4

Müzik eserinin karakteri

Seslerin ve sessizliğin zaman içinde karıştırılmasının sonucu olan müzik, onu yazan kişinin duygusal atmosferini, ince duygularını aktarır.

Bazı bilim adamlarının çalışmalarına göre müzik, kişinin hem psikolojik hem de fiziksel durumunu etkileme yeteneğine sahiptir. Doğal olarak, böyle bir müzik eserinin, yaratıcının bilerek veya bilinçsizce ortaya koyduğu kendine has bir karakteri vardır.

 Müziğin doğasını tempo ve sese göre belirlemek.

Rus müzisyen ve eğitim psikoloğu VI Petrushin'in eserlerinden, eserdeki müzikal karakterin aşağıdaki temel ilkeleri tespit edilebilir:

  1. Minör tuş sesi ve yavaş tempo üzüntü duygularını aktarır. Böyle bir müzik parçası hüzünlü, üzüntü ve umutsuzluk ifade eden, içinde geri dönülemez parlak geçmişin pişmanlığını taşıyan bir müzik parçası olarak tanımlanabilir.
  2. Büyük ses ve yavaş tempo, huzur ve memnuniyet durumunu ifade eder. Bu durumda müzik eserinin karakteri huzur, tefekkür ve dengeyi bünyesinde barındırır.
  3. Küçük tuş sesi ve hızlı tempo, öfke duygularını akla getirir. Müziğin karakteri tutkulu, heyecanlı, son derece dramatik olarak tanımlanabilir.
  4. Ana renk ve hızlı tempo, şüphesiz, iyimser ve yaşamı onaylayan, neşeli ve coşkulu bir karakterin gösterdiği neşe duygularını aktarır.

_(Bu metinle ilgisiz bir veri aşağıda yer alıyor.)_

(* Let $p\ge2$ be an integer, $A_1\in GL_{n_1}(\mathbb{C})$, $B_1\in GL_{n_2}(\mathbb{C})$, and let $\widetilde{S_1}$ be an $n_2\times n_1$ matrix whose entries are meromorphic at $\widetilde1=(1,0)\in\widetilde{\mathbb{C}^\star}$. If $\phi_p(\widetilde{S_1})A_1=B_1\widetilde{S_1}$, then the entries of $\widetilde{S_1}$ are Laurent polynomials in $\widetilde{\log}$.
   Context: $\widetilde{\mathbb{C}^\star}=\{(re^{ib},b):r>0,b\in\mathbb{R}\}$ is the universal cover of $\mathbb{C}^\star$, $\widetilde{\log}(re^{ib},b)=\log r+ib$ (a biholomorphism onto $\mathbb{C}$), and $\phi_p(\widetilde{S_1})=\widetilde{S_1}\circ\phi_p$ where $\phi_p(re^{ib},b)=(r^pe^{ipb},pb)$ (which fixes $\widetilde1$). "Meromorphic at $\widetilde1$" means meromorphic on some neighbourhood of $\widetilde1$. *)

theory Defs
  imports "HOL-Complex_Analysis.Complex_Analysis"
begin

definition univ_cover :: "(complex \<times> real) set" where
  "univ_cover = {(complex_of_real r * cis b, b) | r b. r > 0}"

definition tilde_one :: "complex \<times> real" where
  "tilde_one = (1, 0)"

definition ltilde :: "complex \<times> real \<Rightarrow> complex" where
  "ltilde x = complex_of_real (ln (cmod (fst x))) + \<i> * complex_of_real (snd x)"

text \<open>Inverse of the biholomorphism log~ : univ_cover -> C, w |-> (e^w, Im w);
  it is the chart defining the complex structure of the universal cover.\<close>
definition cover_of :: "complex \<Rightarrow> complex \<times> real" where
  "cover_of w = (exp w, Im w)"

definition phi :: "nat \<Rightarrow> complex \<times> real \<Rightarrow> complex \<times> real" where
  "phi p x = (complex_of_real (cmod (fst x) ^ p) * cis (real p * snd x), real p * snd x)"

definition meromorphic_at_tilde_one :: "(complex \<times> real \<Rightarrow> complex) \<Rightarrow> bool" where
  "meromorphic_at_tilde_one f \<longleftrightarrow>
     (\<exists>U. open U \<and> ltilde tilde_one \<in> U \<and> (\<lambda>w. f (cover_of w)) meromorphic_on U)"

definition laurent_poly_in_ltilde :: "(complex \<times> real \<Rightarrow> complex) \<Rightarrow> bool" where
  "laurent_poly_in_ltilde f \<longleftrightarrow>
     (\<exists>K :: int set. \<exists>c :: int \<Rightarrow> complex. finite K \<and>
        (\<forall>\<^sub>F w in at (ltilde tilde_one).
            f (cover_of w) = (\<Sum>k\<in>K. c k * ltilde (cover_of w) powi k)))"

end

theory Submission
  imports Defs
begin

text \<open>Through the chart \<open>ltilde\<close>, \<open>\<phi>\<^sub>p\<close> becomes the dilation \<open>w \<mapsto> p w\<close>
  and \<open>S\<close> becomes a matrix \<open>T\<close> of functions meromorphic at 0 with \<open>T (p w) A = B T w\<close>.
  Comparing Laurent coefficients gives \<open>p\<^sup>n M\<^sub>n = B M\<^sub>n A\<inverse>\<close> for the
  coefficient matrices \<open>M\<^sub>n\<close>. The operator \<open>X \<mapsto> B X A\<inverse>\<close> is bounded, so
  \<open>M\<^sub>n \<noteq> 0\<close> forces \<open>p\<^sup>n\<close> to be bounded, i.e. \<open>n\<close> is bounded above. Together
  with the finite principal part, only finitely many coefficients survive.\<close>

lemma ltilde_tilde_one [simp]: "ltilde tilde_one = 0"
  by (simp add: ltilde_def tilde_one_def)

lemma ltilde_cover_of [simp]: "ltilde (cover_of w) = w"
  by (simp add: ltilde_def cover_of_def complex_eq_iff)

lemma phi_cover_of: "phi p (cover_of w) = cover_of (of_nat p * w)"
  by (simp add: phi_def cover_of_def exp_eq_polar[of "of_nat p * w"] exp_of_nat_mult[symmetric]
      flip: exp_of_real)

lemma meromorphic_at_tilde_one_imp_has_laurent_expansion:
  assumes "meromorphic_at_tilde_one f"
  shows "\<exists>F. (\<lambda>w. f (cover_of w)) has_laurent_expansion F"
proof -
  obtain U where "0 \<in> U" "(\<lambda>w. f (cover_of w)) meromorphic_on U"
    using assms unfolding meromorphic_at_tilde_one_def by auto
  then show ?thesis
    unfolding meromorphic_on_def by force
qed

lemma has_laurent_expansion_dilate:
  fixes c :: complex
  assumes "f has_laurent_expansion F" "c \<noteq> 0"
  shows "(\<lambda>w. f (c * w)) has_laurent_expansion fls_compose_fps F (fps_const c * fps_X)"
proof -
  have "(\<lambda>w. c * w) has_laurent_expansion fls_const c * fls_X"
    by (intro laurent_expansion_intros)
  then have "(\<lambda>w. c * w) has_laurent_expansion fps_to_fls (fps_const c * fps_X)"
    by (simp add: fls_times_fps_to_fls)
  from has_laurent_expansion_compose[OF assms(1) this] assms(2)
  show ?thesis
    by (simp add: o_def)
qed

lemma laurent_coeffs_dilation_intertwined:
  fixes T :: "complex \<Rightarrow> complex ^ 'm ^ 'n" and c :: real
  assumes "c \<noteq> 0"
    and expansion: "\<And>i j. (\<lambda>w. T w $ i $ j) has_laurent_expansion F i j"
    and functional_eq: "\<forall>\<^sub>F w in at 0. T (of_real c * w) ** A = B ** T w"
  shows "c powi n *\<^sub>R ((\<chi> i j. fls_nth (F i j) n) ** A) = B ** (\<chi> i j. fls_nth (F i j) n)"
proof -
  have coeff_eq: "(\<Sum>l\<in>UNIV. (fls_nth (F i l) n * of_real c powi n) * A $ l $ j) =
    (\<Sum>l\<in>UNIV. B $ i $ l * fls_nth (F l j) n)" for i j
  proof -
    let ?G = "fps_const (of_real c) * fps_X :: complex fps"
    have TA: "(\<lambda>w. (T (of_real c * w) ** A) $ i $ j) has_laurent_expansion
        (\<Sum>l\<in>UNIV. fls_compose_fps (F i l) ?G * fls_const (A $ l $ j))"
      unfolding matrix_matrix_mult_def using \<open>c \<noteq> 0\<close>
      by (simp, intro has_laurent_expansion_sum has_laurent_expansion_cmult_right
          has_laurent_expansion_dilate expansion) simp
    have BT: "(\<lambda>w. (B ** T w) $ i $ j) has_laurent_expansion
        (\<Sum>l\<in>UNIV. fls_const (B $ i $ l) * F l j)"
      unfolding matrix_matrix_mult_def
      by (simp, intro has_laurent_expansion_sum has_laurent_expansion_cmult_left expansion)
    have "\<forall>\<^sub>F w in at 0. (B ** T w) $ i $ j = (T (of_real c * w) ** A) $ i $ j"
      using functional_eq by eventually_elim simp
    from has_laurent_expansion_cong[OF this refl] BT
    have TA': "(\<lambda>w. (T (of_real c * w) ** A) $ i $ j) has_laurent_expansion
        (\<Sum>l\<in>UNIV. fls_const (B $ i $ l) * F l j)"
      by simp
    from arg_cong[OF has_laurent_expansion_unique[OF TA TA'], of "\<lambda>H. fls_nth H n"] \<open>c \<noteq> 0\<close>
    show ?thesis
      by (simp add: fls_nth_sum fls_nth_fls_compose_fps_linear)
  qed
  then show ?thesis
    unfolding vec_eq_iff matrix_matrix_mult_def
    by (simp add: scaleR_sum_right flip: coeff_eq) (simp add: scaleR_conv_of_real algebra_simps)
qed

lemma bounded_linear_matrix_sandwich:
  fixes B :: "'a :: {real_algebra_1, euclidean_space} ^ 'n ^ 'n" and C :: "'a ^ 'm ^ 'm"
  shows "bounded_linear (\<lambda>X :: 'a ^ 'm ^ 'n. B ** X ** C)"
  unfolding linear_conv_bounded_linear[symmetric]
  by (rule linearI)
    (simp_all add: matrix_matrix_mult_def vec_eq_iff sum.distrib algebra_simps sum_distrib_left
      sum_distrib_right scaleR_sum_right)

lemma scaled_intertwiner_factor_bounded:
  fixes A :: "'a :: {real_algebra_1, euclidean_space, comm_ring_1} ^ 'm ^ 'm"
    and B :: "'a ^ 'n ^ 'n"
  assumes "invertible A"
  obtains K where "\<And>t X. t *\<^sub>R (X ** A) = B ** X \<Longrightarrow> X \<noteq> 0 \<Longrightarrow> \<bar>t\<bar> \<le> K"
proof -
  obtain C where C: "A ** C = mat 1"
    using assms unfolding invertible_def by blast
  obtain K where K: "\<And>X. norm (B ** X ** C) \<le> norm X * K"
    using bounded_linear.bounded[OF bounded_linear_matrix_sandwich] by blast
  have "\<bar>t\<bar> \<le> K" if "t *\<^sub>R (X ** A) = B ** X" "X \<noteq> 0" for t X
  proof -
    have "t *\<^sub>R X = B ** X ** C"
      by (metis C matrix_mul_assoc matrix_mul_rid scalar_matrix_assoc that(1))
    then have "\<bar>t\<bar> * norm X \<le> norm X * K"
      using K[of X] by (metis norm_scaleR)
    with \<open>X \<noteq> 0\<close> show ?thesis
      by (simp add: mult.commute)
  qed
  then show thesis
    using that by blast
qed

lemma powi_bounded_imp_exponent_bounded:
  fixes c :: real
  assumes "\<bar>c\<bar> > 1"
  obtains N where "\<And>n. \<bar>c powi n\<bar> \<le> K \<Longrightarrow> n \<le> int N"
proof -
  obtain N where N: "K < \<bar>c\<bar> ^ N"
    using real_arch_pow[OF assms] by blast
  have "n \<le> int N" if "\<bar>c powi n\<bar> \<le> K" for n
  proof (rule ccontr)
    assume "\<not> n \<le> int N"
    then have "n = int (nat n)" "N \<le> nat n"
      by auto
    then have "\<bar>c\<bar> ^ N \<le> \<bar>c powi n\<bar>"
      using assms by (metis power_abs power_increasing less_imp_le power_int_of_nat)
    with N that show False
      by simp
  qed
  then show thesis
    using that by blast
qed

lemma has_laurent_expansion_imp_laurent_polynomial:
  assumes "f has_laurent_expansion F" "\<And>n. fls_nth F n \<noteq> 0 \<Longrightarrow> n \<le> N"
  shows "\<forall>\<^sub>F w in at 0. f w = (\<Sum>k\<in>{fls_subdegree F..N}. fls_nth F k * w powi k)"
proof -
  have "(\<Sum>k\<in>{fls_subdegree F..N}. fls_const (fls_nth F k) * fls_X_intpow k) = F"
  proof (rule fls_eqI)
    fix n
    have "fls_nth (\<Sum>k\<in>{fls_subdegree F..N}. fls_const (fls_nth F k) * fls_X_intpow k) n =
        (\<Sum>k\<in>{fls_subdegree F..N}. if n = k then fls_nth F k else 0)"
      unfolding fls_nth_sum by (intro sum.cong) auto
    also have "\<dots> = (if n \<in> {fls_subdegree F..N} then fls_nth F n else 0)"
      by simp
    also have "\<dots> = fls_nth F n"
      using assms(2)[of n] fls_eq0_below_subdegree[of n F] by auto
    finally show "fls_nth (\<Sum>k\<in>{fls_subdegree F..N}. fls_const (fls_nth F k) * fls_X_intpow k) n =
        fls_nth F n" .
  qed
  moreover have "(\<lambda>w. \<Sum>k\<in>{fls_subdegree F..N}. fls_nth F k * w powi k) has_laurent_expansion
      (\<Sum>k\<in>{fls_subdegree F..N}. fls_const (fls_nth F k) * fls_X_intpow k)"
    by (intro laurent_expansion_intros)
  ultimately show ?thesis
    using assms(1) unfolding has_laurent_expansion_def
    by (auto elim: eventually_elim2)
qed

lemma laurent_poly_in_ltilde_if_coeffs_bounded:
  assumes "(\<lambda>w. f (cover_of w)) has_laurent_expansion F" "\<And>n. fls_nth F n \<noteq> 0 \<Longrightarrow> n \<le> N"
  shows "laurent_poly_in_ltilde f"
  unfolding laurent_poly_in_ltilde_def
  using has_laurent_expansion_imp_laurent_polynomial[OF assms] by auto

theorem mainTheorem15:
  fixes p :: nat
    and A1 :: "complex ^ 'n1 ^ 'n1"
    and B1 :: "complex ^ 'n2 ^ 'n2"
    and S :: "complex \<times> real \<Rightarrow> complex ^ 'n1 ^ 'n2"
  assumes "p \<ge> 2"
    and "invertible A1"
    and "invertible B1"
    and "\<And>i j. meromorphic_at_tilde_one (\<lambda>x. S x $ i $ j)"
    and "\<forall>\<^sub>F w in at (ltilde tilde_one).
           S (phi p (cover_of w)) ** A1 = B1 ** S (cover_of w)"
  shows "\<forall>i j. laurent_poly_in_ltilde (\<lambda>x. S x $ i $ j)"
proof -
  define T where "T w = S (cover_of w)" for w
  obtain F where F: "\<And>i j. (\<lambda>w. T w $ i $ j) has_laurent_expansion F i j"
    using meromorphic_at_tilde_one_imp_has_laurent_expansion[OF assms(4)] unfolding T_def by metis
  have "\<forall>\<^sub>F w in at 0. T (of_real (real p) * w) ** A1 = B1 ** T w"
    using assms(5) by (simp add: T_def phi_cover_of)
  then have coeffs: "real p powi n *\<^sub>R ((\<chi> i j. fls_nth (F i j) n) ** A1) =
      B1 ** (\<chi> i j. fls_nth (F i j) n)" for n
    using assms(1) F by (intro laurent_coeffs_dilation_intertwined) auto
  obtain K where K: "\<And>t X. t *\<^sub>R (X ** A1) = B1 ** X \<Longrightarrow> X \<noteq> 0 \<Longrightarrow> \<bar>t\<bar> \<le> K"
    using scaled_intertwiner_factor_bounded[OF assms(2)] by blast
  obtain N where N: "\<And>n. \<bar>real p powi n\<bar> \<le> K \<Longrightarrow> n \<le> int N"
    using powi_bounded_imp_exponent_bounded[of "real p" K] assms(1) by auto
  have bounded: "n \<le> int N" if "fls_nth (F i j) n \<noteq> 0" for i j n
  proof -
    have "(\<chi> i j. fls_nth (F i j) n) \<noteq> 0"
      using that by (auto simp: vec_eq_iff)
    with K[OF coeffs] N show ?thesis
      by blast
  qed
  with F show ?thesis
    unfolding T_def by (blast intro: laurent_poly_in_ltilde_if_coeffs_bounded)
qed

end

Müzikte ritim, dinamik, tını ve uyum araçları gibi ifade unsurlarının herhangi bir duyguyu yansıtmak açısından çok önemli olduğu vurgulanmalıdır; Eserdeki müzikal karakterin aktarımının parlaklığı büyük ölçüde onlara bağlıdır. Bir deney yaparsanız ve aynı melodiyi majör veya minör bir sesle, hızlı veya yavaş tempoda çalarsanız, melodi tamamen farklı bir duygu aktaracak ve buna bağlı olarak müzik eserinin genel karakteri değişecektir.

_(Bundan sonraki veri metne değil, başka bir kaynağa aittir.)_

text \<open>Vertical lines, along which only \<open>Re w\<^sub>0\<close> varies, are geodesics parametrised by
  \<open>ln h\<close>.\<close>

lemma siegel_dist_vertical_le:
  fixes p q :: "complex \<times> (complex^'m::finite)"
  assumes p: "0 < siegel_h p" and q: "0 < siegel_h q"
    and vertical: "snd q = snd p" "Im (fst q) = Im (fst p)"
  shows "siegel_dist p q \<le> \<bar>ln (siegel_h q / siegel_h p)\<bar>"
proof -
  define a where "a = siegel_h p"
  define L where "L = ln (siegel_h q / a)"
  define \<gamma> where "\<gamma> u = (fst p + of_real (a / 2 * (exp (u * L) - 1)), snd p)" for u :: real
  define V where "V u = (complex_of_real (a / 2 * (exp (u * L) * L)), 0 :: complex^'m)" for u :: real
  have a: "0 < a" using p a_def by simp
  have \<gamma>': "(\<gamma> has_vector_derivative V u) (at u)" for u
    unfolding \<gamma>_def V_def
    by (auto intro!: derivative_eq_intros has_vector_derivative_Pair
        simp: has_real_derivative_iff_has_vector_derivative[symmetric])
  have h\<gamma>: "siegel_h (\<gamma> u) = a * exp (u * L)" for u
    unfolding \<gamma>_def using a_def by (simp add: siegel_h_def algebra_simps)
  have speed: "curve_speed \<gamma> u = \<bar>L\<bar>" for u
  proof -
    have "siegel_metric (\<gamma> u) (V u) = L^2"
      unfolding siegel_metric_def h\<gamma> using a
      by (simp add: V_def norm_mult power_mult_distrib field_simps power2_eq_square)
    then show ?thesis unfolding curve_speed_def vector_derivative_at[OF \<gamma>'] by simp
  qed
  then have speed_const: "curve_speed \<gamma> = (\<lambda>_. \<bar>L\<bar>)" by auto
  have "\<gamma> 1 = q"
  proof -
    have "exp L = siegel_h q / a" unfolding L_def using a q by simp
    moreover have "Re (fst q) = Re (fst p) + (siegel_h q - a) / 2"
      unfolding a_def siegel_h_def using vertical by (simp add: field_simps)
    ultimately show ?thesis
      unfolding \<gamma>_def using a vertical by (simp add: prod_eq_iff complex_eq_iff field_simps)
  qed
  moreover have "\<gamma> 0 = p" unfolding \<gamma>_def by simp
  ultimately have "admissible_curve p q \<gamma>"
    unfolding admissible_curve_def siegel_domain_def
  proof (intro conjI)
    show "\<gamma> piecewise_C1_differentiable_on {0..1}"
      by (rule C1_differentiable_imp_piecewise)
        (auto simp: C1_differentiable_on_def V_def intro!: exI[of _ V] \<gamma>' continuous_intros)
    show "curve_speed \<gamma> integrable_on {0..1}" unfolding speed_const by (rule integrable_const_ivl)
  qed (auto simp: h\<gamma> a)
  then show ?thesis
    using siegel_dist_le[of p q \<gamma>] unfolding curve_length_def speed_const L_def a_def by simp
qed

section \<open>Distance between the horoballs\<close>

lemma interior_horoballs_meet:
  fixes X :: "complex^('m::finite idx)^('m idx)"
  assumes X: "X \<in> U_Q" and s: "0 < s"
    and m: "s < siegel_h m" "s * (cmod (center_pairing X m))^2 < siegel_h m"
  shows "interior (horoball s) \<inter> interior (proj_act X ` horoball s) \<noteq> {}"
proof -
  define O1 where "O1 = {m :: complex \<times> (complex^'m). s < siegel_h m}"
  define O2 where "O2 = {m :: complex \<times> (complex^'m). s * (cmod (center_pairing X m))^2 < siegel_h m}"
  have "open O1" unfolding O1_def
    by (intro open_Collect_less continuous_intros continuous_on_siegel_h)
  moreover have "O1 \<subseteq> horoball s" unfolding O1_def horoball_def by auto
  ultimately have O1: "O1 \<subseteq> interior (horoball s)" by (rule interior_maximal[rotated])
  have "open O2" unfolding O2_def
    by (intro open_Collect_less continuous_intros continuous_on_siegel_h continuous_on_center_pairing)
  moreover have "O2 \<subseteq> proj_act X ` horoball s"
    unfolding O2_def proj_act_horoball[OF X s]
  proof
    fix x assume "x \<in> {x. s * (cmod (center_pairing X x))^2 < siegel_h x}"
    then have "s * (cmod (center_pairing X x))^2 < siegel_h x" by simp
    moreover have "0 \<le> s * (cmod (center_pairing X x))^2" using s by simp
    ultimately show "x \<in> {x. 0 < siegel_h x \<and> s * (cmod (center_pairing X x))^2 \<le> siegel_h x}"
      by simp
  qed
  ultimately have "O2 \<subseteq> interior (proj_act X ` horoball s)" by (rule interior_maximal[rotated])
  with O1 show ?thesis using m unfolding O1_def O2_def by blast
qed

Bir müzik eserinin doğası ile dinleyicinin mizacı arasındaki ilişki.

Klasik bestecilerin eserlerini modern ustaların eserleriyle karşılaştırırsak müzikal renklendirmenin gelişiminde belli bir eğilimin izini sürebiliriz. Gittikçe daha karmaşık ve çok yönlü hale geliyor, ancak duygusal arka plan ve karakter önemli ölçüde değişmiyor. Sonuç olarak bir müzik eserinin doğası zamanla değişmeyen bir sabittir. 2-3 yüzyıl önce yazılan eserler, çağdaşları arasında popülerlik döneminde olduğu gibi dinleyici üzerinde aynı etkiyi yaratıyor.

İnsanın dinleyeceği müziği sadece ruh haline göre değil, bilinçsizce mizacını da dikkate alarak seçtiği ortaya çıktı.

  1. Melankolik - yavaş hafif müzik, duygu - üzüntü.
  2. Choleric – küçük, hızlı müzik – duygu – öfke.
  3. Soğukkanlı – yavaş ana müzik – duygu – sakin.
  4. Sanguine – ana ton, hızlı müzik – duygu – neşe.

Kesinlikle tüm müzik eserlerinin kendi karakteri ve mizaçları vardır. Bunlar başlangıçta yazar tarafından, yaratılış sırasındaki hisler ve duygular tarafından yönlendirilerek ortaya konmuştur. Ancak algı öznel olduğundan ve kişisel mizacına bağlı olarak dinleyicinin duyum ve duygularının prizmasından geçtiği için dinleyici her zaman yazarın iletmek istediğini tam olarak çözemez.

Bu arada, müzik metni bestecilerinin eserlerinin amaçlanan karakterini icracılara nasıl ve hangi araçlarla ve kelimelerle aktarmaya çalıştıklarını bilmek ister misiniz? Kısa bir makale okuyun ve müzik karakter tablolarını indirin.